Personal care products are well known and widely used. These products have long been employed to cleanse and moisturize, deliver actives, hide imperfections and to reduce the oiliness and shine on keratinous surfaces. Personal care products have also been used to alter the color and appearance of skin and hair. A variety of personal-care compositions are available to provide skin care benefits and to counteract what many consider undesirable “signs of skin aging,” such as fine lines, wrinkles, and uneven skin texture. Of these benefits, the look and feel of human skin are arguably the two most important and desired effects by consumers.
Many products are designed to improve the look of human skin and many products are directed to improving the feel. Traditionally, a wide variety of different functional materials are combined in a single skin care product in an attempt to deliver a range of benefits to consumers. For example, a typical skin care product might contain: humectants and other skin actives to improve the condition and health of the skin; emollients to lubricate the skin; and a wide variety of powders to provide a skin feel and immediate skin appearance benefit. But combining compositions into one product often has difficulties.
Moreover, products that deliver one benefit are generally intended as a single application product. Layering many products on the skin that deliver different benefits, but are intended to be used individually, may have the same drawbacks and complications as mixing too many ingredients in one composition. Hence there is a need for products and regimens that deliver multiple benefits, in different compositions, but are designed to be used together in a coordinated regimen.
For example, particulate material can be added to consumer products for a variety of reasons such as to improve the skin feel of the product. Particulate materials also may provide an immediate visible benefit to the skin by diffusely reflecting light, which provides a matting effect to the skin. However, many particulate materials are added to act as an opacifying agent, which effectively turns the consumer product into make-up or make-up like product. The acute and chronic benefits of personal care compositions having opacifying agents are often lost on the user who only appreciates the masking effect the opacifying agents provide. Examples of these include high refractive index pigments, such as titanium dioxide and iron oxides, to provide skin color benefits.

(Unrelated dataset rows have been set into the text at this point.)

lemma id_pi_coeff_compose:
  assumes "finite U" "\<And>p q. (p, q) \<in> coprod_splits w \<Longrightarrow> removeAll 0 p \<in> U"
    and "finite MM" "\<And>p q. (p, q) \<in> coprod_splits w \<Longrightarrow> mset (removeAll 0 q) \<in> MM"
  shows "(\<Sum>u\<in>U. id_pi_coeff u v m1 * id_pi_coeff w u m)
       = (\<Sum>M\<in>MM. sym_coprod_coeff M m1 m * id_pi_coeff w v M)"
proof -
  have "(\<Sum>u\<in>U. id_pi_coeff u v m1 * id_pi_coeff w u m)
      = id_pi_sum w (\<lambda>u m2. of_bool (m2 = m) * id_pi_coeff u v m1)"
    using assms(1,2) by (subst id_pi_sum_expand[where A = "U \<times> {m}"])
      (auto simp: sum.cartesian_product[symmetric])
  also have "\<dots> = id_pi_sum w (\<lambda>u M. of_bool (u = v) * sym_coprod_coeff M m1 m)"
    by (rule id_pi_coeff_coassoc)
  also have "\<dots> = (\<Sum>M\<in>MM. sym_coprod_coeff M m1 m * id_pi_coeff w v M)"
    using assms(3,4) by (subst id_pi_sum_expand[where A = "{v} \<times> MM"])
      (auto simp: sum.cartesian_product[symmetric])
  finally show ?thesis .
qed

lemma top_slice_cotensor:
  assumes x: "x \<in> nsym"
    and top: "\<And>v M. sum_mset m < sum_mset M \<Longrightarrow> id_pi_coprod x (v, M) = 0"
  shows "(\<lambda>u. id_pi_coprod x (u, m)) \<in> cotensor"
proof -
  define y where "y = (\<lambda>u. id_pi_coprod x (u, m))"
  define U where "U = (\<Union>w\<in>supp x. (\<lambda>(p, q). removeAll 0 p) ` coprod_splits w)"
  define MM where "MM = (\<Union>w\<in>supp x. (\<lambda>(p, q). mset (removeAll 0 q)) ` coprod_splits w)"
  have "finite U" "finite MM"
    using x by (simp_all add: U_def MM_def nsym_def)
  have y: "y \<in> nsym"
    unfolding y_def using x by (rule id_pi_coprod_slice_nsym)
  have "id_pi_coprod y (v, m') = 0" if "m' \<noteq> {#}" for v m'
  proof -
    have coassoc: "(\<Sum>u\<in>U. id_pi_coeff u v m' * id_pi_coeff w u m)
        = (\<Sum>M\<in>MM. sym_coprod_coeff M m' m * id_pi_coeff w v M)" if "w \<in> supp x" for w
      using that \<open>finite U\<close> \<open>finite MM\<close> by (intro id_pi_coeff_compose) (force simp: U_def MM_def)+
    have "id_pi_coprod y (v, m') = (\<Sum>u\<in>U. y u * id_pi_coeff u v m')"
      using \<open>finite U\<close> supp_id_pi_coprod_slice[of x m]
      by (intro id_pi_coprod_eq) (simp_all add: U_def y_def)
    also have "\<dots> = (\<Sum>u\<in>U. \<Sum>w\<in>supp x. x w * (id_pi_coeff u v m' * id_pi_coeff w u m))"
      by (simp add: y_def id_pi_coprod_eq_coeff sum_distrib_left mult_ac)
    also have "\<dots> = (\<Sum>w\<in>supp x. \<Sum>M\<in>MM. sym_coprod_coeff M m' m * (x w * id_pi_coeff w v M))"
      by (subst sum.swap) (simp add: coassoc sum_distrib_left[symmetric] mult.left_commute)
    also have "\<dots> = (\<Sum>M\<in>MM. sym_coprod_coeff M m' m * id_pi_coprod x (v, M))"
      by (subst sum.swap) (simp add: id_pi_coprod_eq_coeff sum_distrib_left)
    also have "\<dots> = 0"
      using top sym_coprod_coeff_degree[OF _ that] by (intro sum.neutral) force
    finally show ?thesis .
  qed
  then show ?thesis
    using y id_pi_coprod_counit[OF y] by (auto simp: cotensor_def y_def)
qed
lemma S_template_product: "S_template (n + k) (p * q) (product_template n p q B C)"
proof -
  have bij: "bij_betw (block_index p) ({1..q} \<times> {1..p}) {1..p * q}"
    by (rule bij_betw_block_index)
  have "(\<Union>m\<in>{1..n + k}. product_template n p q B C m) = {1..p * q}"
    unfolding product_template_def
    by (simp only: image_UN[symmetric] UN_product_cells bij_betw_imp_surj_on[OF bij])
  moreover have "product_template n p q B C m \<inter> product_template n p q B C m' = {}"
    if "m \<in> {1..n + k}" "m' \<in> {1..n + k}" "m \<noteq> m'" for m m'
    using inj_on_image_Int[OF bij_betw_imp_inj_on[OF bij] product_cells_subset product_cells_subset]
      product_cells_disjoint that
    unfolding product_template_def by (metis image_empty)
  ultimately show ?thesis
    unfolding S_template_iff
    using sum_free_product_template mod_sum_free_product_template by blast
qed

end

theorem corollary2p7:
  fixes n k :: nat
  assumes "n \<ge> 1" and "k \<ge> 1"
  shows "S_plus (n + k) \<ge> S_plus (n + 1) * S_plus k"
proof -
  obtain B where B: "S_template (n + 1) (S_plus (n + 1)) B"
    using S_template_S_plus by blast
  obtain C where C: "S_template k (S_plus k) C"
    using S_template_S_plus by blast
  show ?thesis
    using S_template_product[OF B C] by (rule S_template_le_S_plus)
qed

end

Micronized or spherical polymer particles are used to provide feel and visible texture, wrinkle reduction benefits. For these materials, however, there are tradeoffs if one attempts to increase these feel and look benefits. Using high levels of powder typically lead to products that are hard to spread on skin, and that lose their look benefits over time. These products typically become noticeably white and can flake off the skin.
Likewise, humectants provide a multitude of skin health and appearance benefits, such as: increasing skin translucency, as evidenced by less surface scattering and reducing refractive index gradients in the stratum corneum; reducing visible texture, that is, plumping of the stratum corneum; and generally better functioning and stronger skin. Glycerin is the most efficient humectant available due to its chemical structure. But glycerin is a very thick, sticky material and high levels of glycerin can feel very sticky and heavy on the skin. Moreover, high levels of glycerin on the skin can make it look very shiny and greasy, given that glycerin is slow to absorb into the skin.
Therefore, a need exists for personal care compositions with a high percentage of a particulate material having a low refractive index that can be applied on top of one or more personal care compositions that contain high levels of humectants. This layering effect avoids the drawbacks of combining an “all-in-one” composition, and the drawbacks of layering products not designed to be used together. That is, separating a product in a specific way into two or more layers and applying those layers to skin in a specific sequence, skin feel and skin appearance benefits can be greatly enhanced. More specifically, there exists a need for a regimen and multi layer products comprising an aqueous layer with the product's humectants and skin actives first, and an aqueous layer containing the product's powders last.